Fandom: !Originali
Personaggi: Inye, Rohin, (Daniel Portman)
Genere:
Avvisi:
Rating:
Capitoli: 5/?
Note: Questa storia nasce e si basa sull'universo creato dagli amministratori di Mari di Challenge per Le Cronace di Minthe. Non ho fatto altro che riunire in un unico file tutte le mie entry postate nel corso del 2013 sulla community dedicata alla storia.

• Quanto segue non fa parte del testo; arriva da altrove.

theorem corollary19:
  fixes p n :: nat
  assumes "prime p" and "card (UNIV :: 'a set) = p ^ n"
  shows "(\<forall>pr :: 'a::ab_group_add \<Rightarrow> 'a \<Rightarrow> 'a. pre_lie_ring pr \<and> left_nilpotent pr \<and> right_nilpotent pr
            \<longrightarrow> strong_pow pr ((n + 1) ^ (n + 1)) = {0})
       \<and> (\<forall>circ :: 'a \<Rightarrow> 'a \<Rightarrow> 'a. brace circ \<and> left_nilpotent (brace_star circ)
            \<and> right_nilpotent (brace_star circ)
            \<longrightarrow> strong_pow (brace_star circ) ((n + 1) ^ (n + 1)) = {0})"
proof (intro conjI allI impI; elim conjE)
  fix pr :: "'a \<Rightarrow> 'a \<Rightarrow> 'a"
  assume "pre_lie_ring pr" "left_nilpotent pr" "right_nilpotent pr"
  then show "strong_pow pr ((n + 1) ^ (n + 1)) = {0}"
    using left_pow_eq_zero[OF assms] right_pow_eq_zero[OF assms]
    by (intro strong_pow_eq_zero pre_lie_right_pow_left_ideal) (auto simp: pre_lie_ring_def)
next
  fix circ :: "'a \<Rightarrow> 'a \<Rightarrow> 'a"
  assume "brace circ" "left_nilpotent (brace_star circ)" "right_nilpotent (brace_star circ)"
  then show "strong_pow (brace_star circ) ((n + 1) ^ (n + 1)) = {0}"
    using left_pow_eq_zero[OF assms] right_pow_eq_zero[OF assms]
    by (intro strong_pow_eq_zero brace_star_right_distrib brace_right_pow_left_ideal) auto
qed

Riassunto: E' il primo gennaio 2016 e un contingente militare terrestre raggiunge il pianeta Minthe. Sette giorni dopo, alle ore 20.37 l'operazione combinata ideata dal generale Carnival e poi messa a punto dallo stesso con la collaborazione dei suoi colleghi i generali Grants, Moulder, Vicary, Fetch, Housseini, Mali, Biagioni, Kousaka e Dmitrienko, porta le dieci navi ammiraglie degli eserciti uniti terrestri nei cieli in corrispondenza delle dieci grandi Città Libere di Selecta, Vanste, Melek, Avaste, Balaie, Serene, Miloto, Fauxi, Leverex e Giastga. E le distrugge.
THE CHRONICLES OF MINTHE:
giorno 7/8 dall'invasione


Inye, Miloto. Inizio dei bombardamenti

Una vena, quando viene tagliata, sgorga sangue rosso brillante e la pelle si colora quasi subito, come fa la tela quando ci rovesci sopra della vernice. Fino a dodici ore fa, questa era l’unica cosa a cui riuscissi a pensare. Pensavo a mia madre e a come è morta sull’altare del santuario, con la gola tagliata. Il sangue si è sparso dappertutto, non solo su di lei ma sulle scale e lungo la navata, dissacrando non solo il suo corpo ma anche il santuario, tanto che per qualche giorno non si è capito se fosse un atto contro mia madre o contro Lith.
Per tutti i mesi che hanno seguito la sua morte, mentre mio padre e la cerchia più stretta dei sacerdoti cercava i colpevoli tra le Città Libere dove pensavamo che ci fosse più probabilità di trovarli nascosti, non ho voluto altro che vedergli fare la stessa fine. Lo so che il sangue non va versato, che è per quello di mia madre sull’altare che gli assassini devono pagare, e versarne altro sarebbe non solo blasfemo ma scatenerebbe un omicidio dopo l’altro finché - se quello che mio padre dice è vero e tutti i Phade sono imparentati tra loro per un verso o per l’altro - non resterebbe più vivo nessuno di noi. Ma queste sono cose facili da mandare a memoria, ma difficili da mettere in pratica. Quando mio padre ha spinto la testa dell’assassino nella vasca d’acqua e quello ha cominciato ad agitarsi, io ho pensato che non era sufficiente, che il sangue chiama sangue nei rituali - così diceva mia madre - e avrebbe dovuto chiamarne anche in caso di omicidio, che sarebbe stato giusto versare il sangue dell’assassino e poi lasciarlo invendicato come punizione.
Ho stretto la mano di Moiw per darle un po’ di coraggio e ho cercato di concentrarmi sul canto rituale e di non perdere la mia strofa, ma non è mai arrivata.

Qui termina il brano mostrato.